The first came with the release of Mr Justice Slattery's 12-volume report into the nightmarish "cuckoo's nest" of Chelmsford — a private hospital where the commission found that at least 24 people died as a result of deep-sleep therapy. Another 24 patients survived the treatment but later took their own lives, 19 of them within a year of leaving Chelmsford, it found.



CCHR had lobbied for an inquiry into Chelmsford for more than a decade, and the royal commissioner and the media were critical of authorities for being so slow to take CCHR's claims seriously.



The second, private victory for CCHR and its parent organisation, the Church of Scientology, which established CCHR in Australia in 1972, was heralded in the pages of the Scientology magazine 'Impact'.



On being recognised for her courageous work, the Australian president of CCHR, Ms Jan Eastgate, herself a

Scientologist, said: "It's a fantastic group to receive an award from and I know that ridding this planet of psychiatry helps Scientology expand and therefore helps all of you.



"We have been fighting a war and we have won."



The battle analogy was an ironic echo of the words penned by the enigmatic "Jekyll and Hyde" psychiatrist at the centre of the Chelmsford tragedy, Dr Harry Bailey, before he swallowed a lethal combination of barbiturates and alcohol on 8 September 1985. "Let it be known that the Scientologists and the forces of madness have won," he wrote in a suicide note given the commission.



The conflict that so obsessed Ms Eastgate and Dr Bailey was one parochial campaign in an international war that has raged for 40 years between Scientologists and some they regard as their sworn enemies, psychiatrists.



Now the battlefield is Victoria, which CCHR claimed this month was "the deep-sleep capital of Australia". As the Victorian health commission winds up a long inquiry into deep-sleep therapy use in this state — largely at the instigation of CCHR — Scientology documents raise questions about the motives behind the church's push for the probe.



A key issue is the disturbing indication in the documents that apart from CCHR's altruistic interest in the Victorian inquiry, the Church of Scientology had a hidden agenda — and what could be seen by some as a witch-hunt aimed at discrediting the doctors and organisations helpful in outlawing the church in Victoria more than 25 years ago.



Those documents target the late Melbourne psychiatrist and deep-sleep advocate Dr Alex Sinclair as a key person behind the suppression of Scientology and a "big fish as regards enemy action against (the church)", and outline plans to have him made the subject of official investigations.

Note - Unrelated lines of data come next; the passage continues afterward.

lemma prod_of_bool_bits_eq:
  fixes r c :: nat
  assumes "r < 2^n" "c < 2^n"
  shows "(\<Prod>k<n. (of_bool (odd (r div 2^k) = odd (c div 2^k)) :: 'a::comm_semiring_1)) = of_bool (r = c)"
proof (cases "r = c")
  case False
  then obtain k where "k < n" "odd (r div 2^k) \<noteq> odd (c div 2^k)"
    using nat_eq_if_bits_eq[OF assms] by blast
  then have "(\<Prod>k<n. (of_bool (odd (r div 2^k) = odd (c div 2^k)) :: 'a)) = 0"
    by (intro prod_zero) (auto intro!: bexI[where x = k])
  then show ?thesis
    using False by simp
qed simp

lemma pauli1_entry_square:
  "pauli1_entry p r False * pauli1_entry p False c + pauli1_entry p r True * pauli1_entry p True c
   = of_bool (r = c)"
  by (cases p; cases r; cases c) auto

lemma pauli1_entry_cnj: "pauli1_entry p c r = cnj (pauli1_entry p r c)"
  by (cases p; cases r; cases c) auto

lemma pauli_mat_carrier: "pauli_mat n ph P \<in> carrier_mat (2^n) (2^n)"
  by (simp add: pauli_mat_def)

lemma index_pauli_mat:
  "r < 2^n \<Longrightarrow> c < 2^n \<Longrightarrow>
   pauli_mat n ph P $$ (r, c) = ph * (\<Prod>k<n. pauli1_entry (P k) (odd (r div 2^k)) (odd (c div 2^k)))"
  by (simp add: pauli_mat_def)

lemma pauli_mat_smult: "pauli_mat n ph P = ph \<cdot>\<^sub>m pauli_mat n 1 P"
  by (rule eq_matI) (auto simp: pauli_mat_def)

lemma pauli_mat_one_square: "pauli_mat n 1 P * pauli_mat n 1 P = 1\<^sub>m (2^n)"
proof (rule eq_matI)
  fix r c assume "r < dim_row (1\<^sub>m (2^n) :: complex mat)" "c < dim_col (1\<^sub>m (2^n) :: complex mat)"
  then have r: "r < 2^n" and c: "c < 2^n" by auto
  have "(pauli_mat n 1 P * pauli_mat n 1 P) $$ (r, c)
      = (\<Sum>s<(2::nat)^n. \<Prod>k<n. pauli1_entry (P k) (odd (r div 2^k)) (odd (s div 2^k))
                                * pauli1_entry (P k) (odd (s div 2^k)) (odd (c div 2^k)))"
    unfolding index_mult_mat_sum[OF pauli_mat_carrier pauli_mat_carrier r c]
    by (intro sum.cong refl) (simp add: index_pauli_mat r c prod.distrib)
  also have "\<dots> = (\<Prod>k<n.
        pauli1_entry (P k) (odd (r div 2^k)) False * pauli1_entry (P k) False (odd (c div 2^k))
      + pauli1_entry (P k) (odd (r div 2^k)) True * pauli1_entry (P k) True (odd (c div 2^k)))"
    by (rule sum_prod_bits)
  also have "\<dots> = (\<Prod>k<n. of_bool (odd (r div 2^k) = odd (c div 2^k)))"
    by (simp only: pauli1_entry_square)
  also have "\<dots> = of_bool (r = c)"
    by (rule prod_of_bool_bits_eq[OF r c])
  finally show "(pauli_mat n 1 P * pauli_mat n 1 P) $$ (r, c) = 1\<^sub>m (2^n) $$ (r, c)"
    using r c by simp
qed (auto simp: pauli_mat_def)

lemma pauli_mat_square: "pauli_mat n ph P * pauli_mat n ph P = (ph * ph) \<cdot>\<^sub>m 1\<^sub>m (2^n)"
proof -
  let ?T = "pauli_mat n 1 P"
  have T: "?T \<in> carrier_mat (2^n) (2^n)"
    by (rule pauli_mat_carrier)
  have "pauli_mat n ph P * pauli_mat n ph P = ph \<cdot>\<^sub>m ?T * (ph \<cdot>\<^sub>m ?T)"
    by (subst (1 2) pauli_mat_smult) (rule refl)
  also have "\<dots> = ph \<cdot>\<^sub>m (?T * (ph \<cdot>\<^sub>m ?T))"
    using T by (intro mult_smult_assoc_mat) auto
  also have "?T * (ph \<cdot>\<^sub>m ?T) = ph \<cdot>\<^sub>m (?T * ?T)"
    using T by (intro mult_smult_distrib) auto
  also have "ph \<cdot>\<^sub>m (ph \<cdot>\<^sub>m (?T * ?T)) = (ph * ph) \<cdot>\<^sub>m 1\<^sub>m (2^n)"
    unfolding pauli_mat_one_square by (rule eq_matI) auto
  finally show ?thesis .
qed

lemma hermitian_pauli_mat_one: "hermitian_mat (2^n) (pauli_mat n 1 P)"
proof (rule hermitian_matI[OF pauli_mat_carrier])
  fix r c :: nat assume "r < 2^n" "c < 2^n"
  then show "pauli_mat n 1 P $$ (c, r) = cnj (pauli_mat n 1 P $$ (r, c))"
    by (simp only: index_pauli_mat mult_1 cnj_prod) (intro prod.cong refl pauli1_entry_cnj)
qed

definition hermitian_involution :: "nat \<Rightarrow> complex mat \<Rightarrow> bool" where
  "hermitian_involution N G \<longleftrightarrow> hermitian_mat N G \<and> G * G = 1\<^sub>m N"

lemma hermitian_involution_carrier: "hermitian_involution N G \<Longrightarrow> G \<in> carrier_mat N N"
  by (simp add: hermitian_involution_def hermitian_mat_carrier)

lemma hermitian_involution_one: "hermitian_involution N (1\<^sub>m N)"
  by (simp add: hermitian_involution_def hermitian_mat_one)
definition generic_period_doubling ::
  "real set \<Rightarrow> real set \<Rightarrow> (real \<Rightarrow> real \<Rightarrow> real) \<Rightarrow> real \<Rightarrow> nat \<Rightarrow> real \<Rightarrow> bool" where
  "generic_period_doubling I J f l0 n p \<longleftrightarrow>
     (((\<lambda>u. f u l0) ^^ n) has_real_derivative (-1)) (at p within I) \<and>
     (\<exists>\<delta>>0. \<exists>pp mu s.
        continuous_on ({l0 - \<delta><..<l0 + \<delta>} \<inter> J) pp \<and> pp l0 = p \<and> s \<in> {-1, 1::real} \<and>
        (\<forall>l\<in>{l0 - \<delta><..<l0 + \<delta>} \<inter> J.
            pp l \<in> I \<and> ((\<lambda>u. f u l) ^^ n) (pp l) = pp l \<and>
            (((\<lambda>u. f u l) ^^ n) has_real_derivative mu l) (at (pp l) within I) \<and>
            (l < l0 \<longrightarrow> s * (mu l + 1) > 0) \<and> (l0 < l \<longrightarrow> s * (mu l + 1) < 0))) \<and>
     (\<exists>g1 g2 d3.
        (\<forall>x\<in>I. (((\<lambda>u. f u l0) ^^ (2 * n)) has_real_derivative g1 x) (at x within I) \<and>
                 (g1 has_real_derivative g2 x) (at x within I)) \<and>
        (g2 has_real_derivative d3) (at p within I) \<and> d3 \<noteq> 0)"

text \<open>Generic tangency: as lambda passes lambda0 the continued critical point (more precisely
  its image f_lambda^m(c_lambda), which equals p at lambda0) moves from one side of the
  continued periodic point p_lambda to the other.\<close>
definition generic_tangency ::
  "real set \<Rightarrow> real set \<Rightarrow> (real \<Rightarrow> real \<Rightarrow> real) \<Rightarrow> real \<Rightarrow> real \<Rightarrow> bool" where
  "generic_tangency I J f l0 c \<longleftrightarrow>
     (\<exists>n p m. repelling_periodic I (\<lambda>u. f u l0) n p \<and> ((\<lambda>u. f u l0) ^^ m) c = p \<and>
       (\<exists>\<delta>>0. \<exists>cc pp s.
          continuous_on ({l0 - \<delta><..<l0 + \<delta>} \<inter> J) cc \<and>
          continuous_on ({l0 - \<delta><..<l0 + \<delta>} \<inter> J) pp \<and>
          cc l0 = c \<and> pp l0 = p \<and> s \<in> {-1, 1::real} \<and>
          (\<forall>l\<in>{l0 - \<delta><..<l0 + \<delta>} \<inter> J.
              critical_point I (\<lambda>u. f u l) (cc l) \<and>
              pp l \<in> I \<and> ((\<lambda>u. f u l) ^^ n) (pp l) = pp l \<and>
              (l < l0 \<longrightarrow> s * (((\<lambda>u. f u l) ^^ m) (cc l) - pp l) > 0) \<and>
              (l0 < l \<longrightarrow> s * (((\<lambda>u. f u l) ^^ m) (cc l) - pp l) < 0))))"

definition H3_condition :: "real set \<Rightarrow> real set \<Rightarrow> (real \<Rightarrow> real \<Rightarrow> real) \<Rightarrow> real \<Rightarrow> bool" where
  "H3_condition I J f l0 \<longleftrightarrow>
     (let g = (\<lambda>u. f u l0) in
       ((\<forall>n p. \<not> nonhyperbolic_periodic I g n p) \<or> (\<forall>c. \<not> tangency_critical I g c)) \<and>
       (\<forall>n1 p1 n2 p2. nonhyperbolic_periodic I g n1 p1 \<and> nonhyperbolic_periodic I g n2 p2
            \<longrightarrow> orbit_of g n1 p1 = orbit_of g n2 p2) \<and>
       (\<forall>c1 c2. tangency_critical I g c1 \<and> tangency_critical I g c2 \<longrightarrow> c1 = c2) \<and>
       (\<forall>n p. nonhyperbolic_periodic I g n p \<longrightarrow>
            generic_saddle_node I J f l0 n p \<or> generic_period_doubling I J f l0 n p) \<and>
       (\<forall>c. tangency_critical I g c \<longrightarrow> generic_tangency I J f l0 c))"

Scientology was, for a period, banned in Victoria after a Board of Inquiry into Scientology, conducted by Kevin Anderson, QC, which found in 1965 that while some aspects of Scientology seemed so ludicrous that its practitioners could be dismissed as "harmless cranks", to do so would be a grave mistake.



Mr Anderson reported to Parliament that the church was evil, and a serious threat to the community. Dr Sinclair participated in this inquiry.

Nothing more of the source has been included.